For a general understanding of the features of the present invention, reference is made to the drawings. In the drawings, like reference numerals have been used throughout to identify identical elements. FIG. 6 schematically depicts an electrophotographic printing machine incorporating the features of the present invention therein. It will become evident from the following discussion that the sheet size sensor of the present invention may be employed in a wide variety of devices and is not specifically limited in its application to the particular embodiment depicted herein.
Referring to FIG. 6 of the drawings, an original document is positioned in a document handler 27 on a raster input scanner (RIS) indicated generally by reference numeral 28. The RIS contains document illumination lamps, optics, a mechanical scanning drive and a charge coupled device (CCD) array. The RIS captures the entire original document and converts it to a series of raster scan lines. This information is transmitted to an electronic subsystem (ESS) which controls a raster output scanner (ROS) described below.
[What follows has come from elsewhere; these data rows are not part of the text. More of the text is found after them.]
(* Let $R:\mathbb{R}_{\geq0}\to SO(3)$, $p:\mathbb{R}_{\geq0}\to\mathbb{R}^3$ describe a rigid-body motion with $\dot R=R\omega^\times$, where $\omega$ is continuous and bounded, and let $g=[g_1,g_2,g_3]^\top$ be the (constant, nonzero) gravity vector. Let $p_1,\dots,p_N\in\mathbb{R}^3$ ($N\geq3$), $p_i=[p_{i1},p_{i2},p_{i3}]^\top$, be constant landmark positions, and let a stereo camera pair have fixed extrinsics $(R_{c1},p_{c1}),(R_{c2},p_{c2})\in SO(3)\times\mathbb{R}^3$, with bearing measurements $y_i^s=\frac{R_{cs}^\top(R^\top(p_i-p)-p_{cs})}{\|R^\top(p_i-p)-p_{cs}\|}$, $s=1,2$. Set $\Pi_i(t)=\pi(R_{c1}y_i^1(t))+\pi(R_{c2}y_i^2(t))$ and assume each $\Pi_i(t)$ is continuous, bounded and uniformly positive definite. Define $A(t)$ by $$A(t)=\begin{bmatrix} -\omega^\times & 0_3 & 0_3 & 0_3 & I_3\\ 0_3 & -\omega^\times & 0_3 & 0_3 & 0_3\\ 0_3&0_3&-\omega^\times&0_3&0_3\\ 0_3&0_3&0_3&-\omega^\times&0_3\\ 0_3& g_1I_3& g_2 I_3& g_3 I_3& -\omega^\times\end{bmatrix}$$ and $C(t)\in\mathbb{R}^{3N\times15}$ whose $i$-th block row is $[\,\Pi_i,\ -p_{i1}\Pi_i,\ -p_{i2}\Pi_i,\ -p_{i3}\Pi_i,\ 0_3\,]$. Suppose that among the $N$ landmarks there are three non-aligned landmarks whose plane is not parallel to the gravity vector $g$. Then the pair $(A(t),C(t))$ is uniformly observable.
   Context: $x^\times$ denotes the skew-symmetric matrix with $x^\times y=x\times y$. For a unit vector $x\in\mathbb{S}^2$, $\pi(x)=I_3-xx^\top$. A pair $(A(t),C(t))$ of continuous bounded matrix functions is uniformly observable if there exist $\delta,\mu>0$ such that $\frac1\delta\int_t^{t+\delta}\Phi(\tau,t)^\top C(\tau)^\top C(\tau)\Phi(\tau,t)\,d\tau\geq\mu I$ for all $t\geq0$, where $\Phi$ is the state transition matrix of $A(t)$. *)

theory Defs
  imports "HOL-Analysis.Analysis"
begin

text \<open>Skew-symmetric matrix: skew x *v y = x \<times> y.\<close>
definition skew :: "real^3 \<Rightarrow> real^3^3" where
  "skew x = vector [vector [0, - x$3, x$2], vector [x$3, 0, - x$1], vector [- x$2, x$1, 0]]"

definition proj :: "real^3 \<Rightarrow> real^3^3" where
  "proj x = mat 1 - (\<chi> i j. x$i * x$j)"

definition SO3 :: "(real^3^3) set" where
  "SO3 = {Q. orthogonal_matrix Q \<and> det Q = 1}"

definition bearing :: "(real \<Rightarrow> real^3^3) \<Rightarrow> (real \<Rightarrow> real^3) \<Rightarrow> real^3^3 \<Rightarrow> real^3 \<Rightarrow> real^3 \<Rightarrow> real \<Rightarrow> real^3" where
  "bearing R p Rc pc l t =
     (transpose Rc *v (transpose (R t) *v (l - p t) - pc)) /\<^sub>R norm (transpose (R t) *v (l - p t) - pc)"

definition PiM :: "(real \<Rightarrow> real^3^3) \<Rightarrow> (real \<Rightarrow> real^3) \<Rightarrow> real^3^3 \<Rightarrow> real^3 \<Rightarrow> real^3^3 \<Rightarrow> real^3 \<Rightarrow> real^3 \<Rightarrow> real \<Rightarrow> real^3^3" where
  "PiM R p Rc1 pc1 Rc2 pc2 l t =
     proj (Rc1 *v bearing R p Rc1 pc1 l t) + proj (Rc2 *v bearing R p Rc2 pc2 l t)"

text \<open>15-dimensional state indexed by (block, component), blocks 1..5 (literals of type 5).\<close>
definition Ablk :: "real^3 \<Rightarrow> real^3 \<Rightarrow> 5 \<Rightarrow> 5 \<Rightarrow> real^3^3" where
  "Ablk w g b b' =
     (if b = b' then - skew w
      else if b = 1 \<and> b' = 5 then mat 1
      else if b = 5 \<and> b' = 2 then g$1 *\<^sub>R mat 1
      else if b = 5 \<and> b' = 3 then g$2 *\<^sub>R mat 1
      else if b = 5 \<and> b' = 4 then g$3 *\<^sub>R mat 1
      else 0)"

definition Amat :: "(real \<Rightarrow> real^3) \<Rightarrow> real^3 \<Rightarrow> real \<Rightarrow> real^(5 \<times> 3)^(5 \<times> 3)" where
  "Amat \<omega> g t = (\<chi> u v. Ablk (\<omega> t) g (fst u) (fst v) $ snd u $ snd v)"

definition Cblk :: "real^3^3 \<Rightarrow> real^3 \<Rightarrow> 5 \<Rightarrow> real^3^3" where
  "Cblk P l b' =
     (if b' = 1 then P
      else if b' = 2 then (- l$1) *\<^sub>R P
      else if b' = 3 then (- l$2) *\<^sub>R P
      else if b' = 4 then (- l$3) *\<^sub>R P
      else 0)"

definition Cmat :: "('n::finite \<Rightarrow> real \<Rightarrow> real^3^3) \<Rightarrow> ('n \<Rightarrow> real^3) \<Rightarrow> real \<Rightarrow> real^(5 \<times> 3)^('n \<times> 3)" where
  "Cmat P pl t = (\<chi> u v. Cblk (P (fst u) t) (pl (fst u)) (fst v) $ snd u $ snd v)"

definition is_transition :: "(real \<Rightarrow> real^'m::finite^'m) \<Rightarrow> (real \<Rightarrow> real \<Rightarrow> real^'m^'m) \<Rightarrow> bool" where
  "is_transition A \<Phi> \<longleftrightarrow> (\<forall>t\<ge>0. \<Phi> t t = mat 1 \<and>
      (\<forall>\<tau>\<ge>t. ((\<lambda>s. \<Phi> s t) has_vector_derivative (A \<tau> ** \<Phi> \<tau> t)) (at \<tau> within {t..})))"

definition uniformly_observable :: "(real \<Rightarrow> real^'m::finite^'m) \<Rightarrow> (real \<Rightarrow> real^'m^'k::finite) \<Rightarrow> bool" where
  "uniformly_observable A C \<longleftrightarrow> (\<exists>\<Phi>. is_transition A \<Phi> \<and>
     (\<exists>\<delta>>0. \<exists>\<mu>>0. \<forall>t\<ge>0. \<forall>x.
        x \<bullet> (((1/\<delta>) *\<^sub>R integral {t..t+\<delta>}
               (\<lambda>\<tau>. transpose (C \<tau> ** \<Phi> \<tau> t) ** (C \<tau> ** \<Phi> \<tau> t))) *v x) \<ge> \<mu> * (x \<bullet> x)))"

end

theory Submission
  imports Defs
begin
The FIG. 6 printing machine employs a belt 10 having a photoconductive surface 12 deposited on a conductive ground layer 14. Preferably, photoconductive surface 12 is made from a photoresponsive material, for example, one comprising a charge generation layer and a transport layer. Conductive layer 14 is made preferably from a thin metal layer or metallized polymer film which is electrically grounded. Belt 10 moves in the direction of arrow 16 to advance successive portions of photoconductive surface 12 sequentially through the various processing stations disposed about the path of movement thereof. Belt 10 is entrained about stripping roller 18, tensioning roller 20 and drive roller 22. Drive roller 22 is mounted rotatably in engagement with belt 10. Motor 24 rotates roller 22 to advance belt 10 in the direction of arrow 16. Roller 22 is coupled to motor 24 by suitable means, such as a drive belt. Belt 10 is maintained in tension by a pair of springs (not shown) resiliently urging tensioning roller 20 against belt 10 with the desired spring force. Stripping roller 18 and tensioning roller 20 are mounted to rotate freely.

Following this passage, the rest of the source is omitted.